I’ve described the insane what-the-fuckery of the plot in such detail in order to make my point. Which is this. Imagine you’re Elektra. Let the whole M thing go – why, after all, start fucking around with MI6 when you’re pulling a whole bunch of seriously illegal shit that you’d rather not bring to attention of an intelligence agency – and your motivation is basically: I want to get rid of the rival pipelines. As I see it, your options are: (a) buy out the competition; (b) pay some mercenaries to blow up the other pipelines just as yours is reaching completion; or (c) – the, ahem, logical choice according to writers Neal Purvis, Robert Wade and Bruce Feirstein – seduce a psychotic terrorist who might drop dead at any moment to help you steal a plutonium warhead, acquire a submarine with nuclear reactor capacity, set your operation back several months by blowing up a length of your own pipeline, risk death by a stray bullet while some hired guns pretend to kill you, work out your issues with daddy by blowing the poor sod to kingdom come and keep the whole nefarious plot on course while MI6’s finest are all over you.

Am I the only person who sees options (a) and (b) as doable but expensive, while option (c) is basically stupid, riddled with the potential for failure, and financially ruinous. I mean, seriously, how the fuck much does it cost to bankroll the theft of a warhead and a nuclear motherfucking submarine? (SPOILERS END.)


Granted, suspension of disbelief goes hand in hand with the Bond aesthetic. Hey, I’m a guy who’s down with a fully kitted-out secret base in a volcano, for Pete’s sake! But the plot of ‘The World is Not Enough’ (and the illogic behind it) goes beyond suspension of disbelief.

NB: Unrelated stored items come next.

lemma level_Suc_subset:
  assumes "i < r n" "q < height n"
  shows "level (Suc n) (offset n i + q) \<subseteq> level n q"
proof -
  have "(real i + 1) * width (Suc n) \<le> real (r n) * width (Suc n)"
    using assms(1) width_pos[of "Suc n"] by (intro mult_right_mono) auto
  then show ?thesis
    using left_Suc[OF assms] width_Suc[of n] width_pos[of "Suc n"] by (auto simp: cs_level_def algebra_simps)
qed

lemma level_covered:
  assumes "x \<in> level n q" "q < height n"
  obtains i where "i < r n" "x \<in> level (Suc n) (offset n i + q)"
proof -
  let ?w = "width (Suc n)" and ?a = "left n q"
  have w: "0 < ?w" by (rule width_pos)
  have x: "?a \<le> x" "x < ?a + real (r n) * ?w"
    using assms(1) width_Suc[of n] by (auto simp: cs_level_def)
  define i where "i = nat \<lfloor>(x - ?a) / ?w\<rfloor>"
  have "real i \<le> (x - ?a) / ?w" "(x - ?a) / ?w < real i + 1"
    using x w by (auto simp: i_def)
  moreover have "(x - ?a) / ?w < real (r n)"
    using x w by (simp add: field_simps)
  ultimately have "i < r n"
    by linarith
  moreover have "real i * ?w \<le> x - ?a" "x - ?a < real i * ?w + ?w"
    using w \<open>real i \<le> (x - ?a) / ?w\<close> \<open>(x - ?a) / ?w < real i + 1\<close> by (simp_all add: field_simps)
  ultimately show ?thesis
    using that[of i] left_Suc[OF _ assms(2)] by (simp add: cs_level_def)
qed

lemma level_persists:
  assumes "x \<in> level n j" "j < height n" "n \<le> N"
  shows "\<exists>j'<height N. x \<in> level N j'"
  using assms(3)
proof (induction N rule: dec_induct)
  case (step m)
  then obtain j' where j': "j' < height m" "x \<in> level m j'" by blast
  obtain i where "i < r m" "x \<in> level (Suc m) (offset m i + j')"
    by (rule level_covered[OF j'(2,1)])
  then show ?case
    using offset_add_lt_height j'(1) by blast
qed (use assms in blast)

lemma nontop_level_persists:
  assumes "Suc j < height n" "x \<in> level n j" "n \<le> N"
  shows "\<exists>j'. Suc j' < height N \<and> x \<in> level N j' \<and>
           left N (Suc j') - left N j' = left n (Suc j) - left n j"
  using assms(3)
proof (induction N rule: dec_induct)
  case (step m)
  then obtain j' where j': "Suc j' < height m" "x \<in> level m j'"
    "left m (Suc j') - left m j' = left n (Suc j) - left n j"
    by blast
  obtain i where i: "i < r m" "x \<in> level (Suc m) (offset m i + j')"
    by (rule level_covered[OF j'(2) Suc_lessD[OF j'(1)]])
  have "left (Suc m) (Suc (offset m i + j')) - left (Suc m) (offset m i + j') = left m (Suc j') - left m j'"
    using left_Suc[OF i(1) j'(1)] left_Suc[OF i(1) Suc_lessD[OF j'(1)]] by simp
  with i j' offset_add_lt_height[OF i(1) j'(1)] show ?case
    by (intro exI[of _ "offset m i + j'"]) simp
qed (use assms in blast)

In a world of corporationism, where hostile takeovers are entirely legal, where financial chicanery, bribes and corruption are an accepted part of the way business is done, the idea that you’d have to destroy Istanbul in order to get an unfair advantage over the competition is not only ludicrous, but a concept that would have your average CEO – a cohort of bought-and-paid-for politicians in his pocket and the dirtiest lawyers in the business on speed-dial – pissing his pants at the waste of time and effort in achieving a fairly simple outcome.

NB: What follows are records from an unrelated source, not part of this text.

(* Assume $r>\mu$. (a) If $C-rK_O\le0$ and $C+rK_I>0$, and $p_I:=e^{-\mu\delta}\frac{\lambda_2}{\lambda_2-1}(r-\mu)\left(\frac{C}{r}+K_I\right)$, then $p_I>e^{-\mu\delta}(C+rK_I)$. (b) If $C-rK_O>0$, $C+rK_I>0$, $K_I+K_O\ge0$, and $p_I$ is the largest solution of $A(\lambda_2-\lambda_1)p^{\lambda_1}+\frac{e^{(\mu-r)\delta}}{r-\mu}(\lambda_2-1)p-\lambda_2e^{-r\delta}\left(\frac{C}{r}+K_I\right)=0$, then $p_I>e^{-\mu\delta}(C+rK_I)$. (c) If $C-rK_O>0$, $C+rK_I>0$, $K_I+K_O<0$ and $p_O<e^{-\mu\delta}(C+rK_I)$, and $p_I^{(1)}<p_I^{(2)}$ are the entry thresholds for which $\tau_I^*:=\inf\{t>0:P(t)\le p_I^{(1)}\text{ or }P(t)\ge p_I^{(2)}\}$ maximizes the problem defining $H$ (equivalently, $(p_I^{(1)},p_I^{(2)})$ is the solution with $p_I^{(1)}<p_I^{(2)}$ of the smooth-fit system: there are constants $B_1,B_2$ with $B_1x^{\lambda_1}+B_2x^{\lambda_2}=-e^{-r\delta}(K_I+K_O)$ and $\lambda_1B_1x^{\lambda_1-1}+\lambda_2B_2x^{\lambda_2-1}=0$ at $x=p_I^{(1)}$, and $B_1y^{\lambda_1}+B_2y^{\lambda_2}=Ay^{\lambda_1}+\frac{e^{(\mu-r)\delta}}{r-\mu}y-e^{-r\delta}(\frac{C}{r}+K_I)$ and $\lambda_1B_1y^{\lambda_1-1}+\lambda_2B_2y^{\lambda_2-1}=\lambda_1Ay^{\lambda_1-1}+\frac{e^{(\mu-r)\delta}}{r-\mu}$ at $y=p_I^{(2)}$, with $p_I^{(1)}\le p_O$), then $p_I^{(1)}<e^{-\mu\delta}(C-rK_O)$ and $p_I^{(2)}>e^{-\mu\delta}(C+rK_I)$.
   Context: Price $P$: $\mathrm{d}P=\mu P\,\mathrm{d}t+\sigma P\,\mathrm{d}B$, $P(0)=p>0$, with $B$ a standard Brownian motion, $\mu\in\mathbb{R}$, $\sigma>0$; $\mathbb{E}^p$ is expectation given $P(0)=p$; stopping times valued in $[0,+\infty]$ with $e^{-r\tau}(\cdots)=0$ on $\{\tau=\infty\}$. Constants $r>0$, $C,K_I,K_O\in\mathbb{R}$, $\delta\ge0$. $\lambda_1<\lambda_2$ are the roots of $r-\mu\lambda-\frac12\sigma^2\lambda(\lambda-1)=0$. $k_1:=\frac{e^{(\mu-r)\delta}-1}{\mu-r}$, $k_0:=\frac{C}{r}(e^{-r\delta}-1)+e^{-r\delta}K_I$, $l_1:=-k_1$, $l_0:=-\frac{C}{r}(e^{-r\delta}-1)+e^{-r\delta}K_O$. $G(p):=\sup_{\tau_O}\mathbb{E}^p[\int_0^{\tau_O}e^{-rt}(P(t)-C)\mathrm{d}t-e^{-r\tau_O}(l_1P(\tau_O)+l_0)]$ and $H(p):=\sup_{\tau_I}\mathbb{E}^p[e^{-r\tau_I}(G(P(\tau_I))-k_1P(\tau_I)-k_0)]$. When $C>rK_O$: $p_O:=e^{-\mu\delta}\frac{\lambda_1}{\lambda_1-1}(r-\mu)(\frac{C}{r}-K_O)$, $A:=e^{(\mu-r)\delta}p_O^{1-\lambda_1}/(\lambda_1(\mu-r))$. *)

theory Defs
  imports "HOL-Analysis.Analysis"
begin

definition pO :: "real \<Rightarrow> real \<Rightarrow> real \<Rightarrow> real \<Rightarrow> real \<Rightarrow> real \<Rightarrow> real" where
  "pO mu r C KO delta l1 =
     exp (- mu * delta) * (l1 / (l1 - 1)) * (r - mu) * (C / r - KO)"

definition Acoef :: "real \<Rightarrow> real \<Rightarrow> real \<Rightarrow> real \<Rightarrow> real \<Rightarrow> real \<Rightarrow> real" where
  "Acoef mu r C KO delta l1 =
     exp ((mu - r) * delta) * (pO mu r C KO delta l1) powr (1 - l1) / (l1 * (mu - r))"

end

theory Submission
  imports Defs
begin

I’ve struggled with ‘TWiNE’ writing this review: excepting the speedboat chase, I can find little or no reason not to rank it firmly alongside previous franchise low points ‘The Man with the Golden Gun’, ‘Moonraker’ and ‘A View to a Kill’. Actually, being fair, I can find two reasons: (i) it’s the final Bond movie to give us the marvellously wintry interplay between Bond and Q (at least as played by Desmond Llewellyn; the character returns in ‘Skyfall’ in the person of Ben Wishaw); and (ii) I know that’s it’s followed by ‘Die Another Day’ and the sins of ‘The World is Not Enough’ suddenly take on a forgivable hue in the knowledge of what’s to come.

2 comments:

Bryce Wilson said...

Thanks for giving this film the kick in the taint it deserves. For me this is my personal pick for worst of the series. Partially because the pre credit sequence makes everything hurt so much worse by comparison and partially because it is the only Bond film to actually fucking bore me.

Unknown said...

I'm with you guys all the way on this one. It's my pick for worst Bond too just because it's so unforgivably boring. The climax in the submerged submarine is simply life-draining to watch and there is for me a sense of smug complacency about the whole film that makes it impossible to like. This situation would worsen in the dreadful, dreary "Die another day", though even that film has at least one or two bright(ish) moments in the first hour that put it a slight notch above this one.